- [Task requirements]: In the records below, begin at the line containing "(matching s) V1" and end at the line containing "i \<in> (if"; quote every line in that span exactly, including both boundary lines, and no others.
Source information Start Marker
lemma has_copy_image:
  assumes "has_copy H V E" "inj_on h V"
  shows "has_copy H (h ` V) (image h ` E)"
proof -
  obtain f where f: "inj_on f (verts H)" "f ` verts H \<subseteq> V" "\<forall>e\<in>edges H. f ` e \<in> E"
    using assms(1) unfolding has_copy_def by blast
  have "inj_on (h \<circ> f) (verts H)"
    using f(1,2) assms(2) by (blast intro: comp_inj_on inj_on_subset)
  with f show ?thesis
    unfolding has_copy_def by (intro exI[of _ "h \<circ> f"]) (auto simp: image_comp)
qed

lemma card_edges_le_of_has_copy:
  assumes "simple_graph H" "has_copy H V E" "finite E"
  shows "card (edges H) \<le> card E"
proof -
  obtain f where f: "inj_on f (verts H)" "\<forall>e\<in>edges H. f ` e \<in> E"
    using assms(2) unfolding has_copy_def by blast
  have "inj_on (image f) (edges H)"
    using inj_on_image_Pow[OF f(1)] edges_subset_Pow_verts[OF assms(1)] by (rule inj_on_subset)
  then show ?thesis
    using f(2) assms(3) by (intro card_inj_on_le) auto
qed

lemma degree_le_of_has_copy:
  assumes "simple_graph H" "has_copy H V E" "finite E" "v \<in> verts H"
  shows "\<exists>w\<in>V. degree H v \<le> card {e\<in>E. w \<in> e}"
proof -
  obtain f where f: "inj_on f (verts H)" "f ` verts H \<subseteq> V" "\<forall>e\<in>edges H. f ` e \<in> E"
    using assms(2) unfolding has_copy_def by blast
  have "{e\<in>edges H. v \<in> e} \<subseteq> Pow (verts H)"
    using edges_subset_Pow_verts[OF assms(1)] by blast
  then have "inj_on (image f) {e\<in>edges H. v \<in> e}"
    using inj_on_image_Pow[OF f(1)] inj_on_subset by blast
  then have "card {e\<in>edges H. v \<in> e} \<le> card {e\<in>E. f v \<in> e}"
    using f(3) assms(3) by (intro card_inj_on_le) auto
  then show ?thesis
    using f(2) assms(4) unfolding degree_def by blast
qed

lemma max_degree_attained:
  assumes "simple_graph G" "edges G \<noteq> {}"
  obtains v where "v \<in> verts G" "degree G v = max_degree G"
proof -
  have "verts G \<noteq> {}" "finite (verts G)"
    using assms unfolding simple_graph_def by blast+
  then have "max_degree G \<in> degree G ` verts G"
    unfolding max_degree_def by (intro Max_in) auto
  then show ?thesis
    using that by (metis imageE)
qed

lemma max_degree_le_card_edges:
  assumes "simple_graph G" "edges G \<noteq> {}"
  shows "max_degree G \<le> card (edges G)"
proof -
  obtain v where "v \<in> verts G" "degree G v = max_degree G"
    using max_degree_attained[OF assms] .
  moreover have "degree G v \<le> card (edges G)"
    unfolding degree_def using finite_edges[OF assms(1)] by (intro card_mono) auto
  ultimately show ?thesis
    by simp
qed

lemma arrowsD:
  "arrows F G H \<Longrightarrow> R \<subseteq> edges F \<Longrightarrow> has_copy G (verts F) R \<or> has_copy H (verts F) (edges F - R)"
  unfolding arrows_def by blast

section \<open>Copies of matchings\<close>

lemma verts_matching [simp]: "verts (matching t) = {0..<2*t}"
  by (simp add: matching_def verts_def)

lemma edges_matching [simp]: "edges (matching t) = {{2*i, 2*i+1} | i. i < t}"
  by (simp add: matching_def edges_def)

lemma has_copy_matching_iff:
  "has_copy (matching t) V E \<longleftrightarrow>
     (\<exists>f. inj_on f {0..<2*t} \<and> f ` {0..<2*t} \<subseteq> V \<and> (\<forall>i<t. f ` {2*i, 2*i+1} \<in> E))"
proof -
  have "(\<forall>e\<in>edges (matching t). f ` e \<in> E) \<longleftrightarrow> (\<forall>i<t. f ` {2*i, 2*i+1} \<in> E)" for f :: "nat \<Rightarrow> 'a"
    unfolding edges_matching by blast
  then show ?thesis
    unfolding has_copy_def by simp
qed

lemma has_copy_matching_add:
  assumes "has_copy (matching s) V1 E1" "has_copy (matching t) V2 E2" "V1 \<inter> V2 = {}"
  shows "has_copy (matching (s + t)) (V1 \<union> V2) (E1 \<union> E2)"
proof -
  obtain f1 where f1: "inj_on f1 {0..<2*s}" "f1 ` {0..<2*s} \<subseteq> V1" "\<forall>i<s. f1 ` {2*i, 2*i+1} \<in> E1"
    using assms(1) unfolding has_copy_matching_iff by blast
  obtain f2 where f2: "inj_on f2 {0..<2*t}" "f2 ` {0..<2*t} \<subseteq> V2" "\<forall>i<t. f2 ` {2*i, 2*i+1} \<in> E2"
    using assms(2) unfolding has_copy_matching_iff by blast
  define f where "f i = (if i < 2*s then f1 i else f2 (i - 2*s))" for i
  have f_in: "f i \<in> (if i < 2*s then V1 else V2)" if "i < 2*(s+t)" for i
    using f1(2) f2(2) that by (auto simp: f_def)
  have "inj_on f {0..<2*(s+t)}"
  proof (rule inj_onI)
    fix x y assume x: "x \<in> {0..<2*(s+t)}" and y: "y \<in> {0..<2*(s+t)}" and "f x = f y"
    then have same_side: "x < 2*s \<longleftrightarrow> y < 2*s"
      using f_in[of x] f_in[of y] assms(3) by (auto split: if_splits)
    show "x = y"
    proof (cases "x < 2*s")
      case True
      then show ?thesis
        using same_side \<open>f x = f y\<close> inj_onD[OF f1(1)] by (auto simp: f_def)
    next
      case False
      then have "x - 2*s = y - 2*s"
        using same_side x y \<open>f x = f y\<close> by (intro inj_onD[OF f2(1)]) (auto simp: f_def)
      then show ?thesis
        using False same_side by simp
    qed
  qed
  moreover have "f ` {0..<2*(s+t)} \<subseteq> V1 \<union> V2"
    using f_in by (fastforce split: if_splits)
  moreover have "f ` {2*i, 2*i+1} \<in> E1 \<union> E2" if "i < s + t" for i
  proof (cases "i < s")
    case True
    then show ?thesis
      using f1(3) by (auto simp: f_def)
  next
    case False
    then have "Suc (2*i) - 2*s = Suc (2*(i-s))"
      by simp
    with False have "f ` {2*i, 2*i+1} = f2 ` {2*(i-s), 2*(i-s)+1}"
      by (auto simp: f_def diff_mult_distrib2)
    then show ?thesis
      using f2(3) False that by auto
  qed
  ultimately show ?thesis
    unfolding has_copy_matching_iff by blast
qed

section \<open>The lower bound\<close>

definition incident_edges :: "'a set set \<Rightarrow> 'a set \<Rightarrow> 'a set set" where
  "incident_edges E S = {e\<in>E. e \<inter> S \<noteq> {}}"

lemma incident_edges_subset: "incident_edges E S \<subseteq> E"
  by (auto simp: incident_edges_def)

lemma incident_edges_insert:
  "incident_edges E (insert w S) = incident_edges E S \<union> {e \<in> E - incident_edges E S. w \<in> e}"
  by (auto simp: incident_edges_def)

lemma not_has_copy_matching_incident_edges:
  assumes "finite S" "card S < t"
  shows "\<not> has_copy (matching t) V (incident_edges E S)"
proof
  assume "has_copy (matching t) V (incident_edges E S)"
  then obtain f where f: "inj_on f {0..<2*t}" "\<forall>i<t. f ` {2*i, 2*i+1} \<in> incident_edges E S"
    unfolding has_copy_matching_iff by blast
  define g where "g i = (SOME v. v \<in> f ` {2*i, 2*i+1} \<inter> S)" for i
  have g: "g i \<in> f ` {2*i, 2*i+1} \<inter> S" if "i < t" for i
    unfolding g_def some_in_eq using f(2) that by (simp add: incident_edges_def)
  have "inj_on g {..<t}"
  proof (rule inj_onI)
    fix i j assume ij: "i \<in> {..<t}" "j \<in> {..<t}" and "g i = g j"
    obtain x where x: "x \<in> {2*i, 2*i+1}" "g i = f x"
      using g[of i] ij(1) by auto
    obtain y where y: "y \<in> {2*j, 2*j+1}" "g j = f y"
      using g[of j] ij(2) by auto
    have "x < 2*t" "y < 2*t"
      using x(1) y(1) ij by auto
    then have "x = y"
      using inj_onD[OF f(1)] x(2) y(2) \<open>g i = g j\<close> by simp
    then show "i = j"
      using x(1) y(1) by auto
  qed
  then have "card {..<t} \<le> card S"
    using g assms(1) by (intro card_inj_on_le) auto
  with assms(2) show False
    by simp
qed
Source information End Marker
- [The completed task]:
  assumes "has_copy (matching s) V1 E1" "has_copy (matching t) V2 E2" "V1 \<inter> V2 = {}"
  shows "has_copy (matching (s + t)) (V1 \<union> V2) (E1 \<union> E2)"
proof -
  obtain f1 where f1: "inj_on f1 {0..<2*s}" "f1 ` {0..<2*s} \<subseteq> V1" "\<forall>i<s. f1 ` {2*i, 2*i+1} \<in> E1"
    using assms(1) unfolding has_copy_matching_iff by blast
  obtain f2 where f2: "inj_on f2 {0..<2*t}" "f2 ` {0..<2*t} \<subseteq> V2" "\<forall>i<t. f2 ` {2*i, 2*i+1} \<in> E2"
    using assms(2) unfolding has_copy_matching_iff by blast
  define f where "f i = (if i < 2*s then f1 i else f2 (i - 2*s))" for i
  have f_in: "f i \<in> (if i < 2*s then V1 else V2)" if "i < 2*(s+t)" for i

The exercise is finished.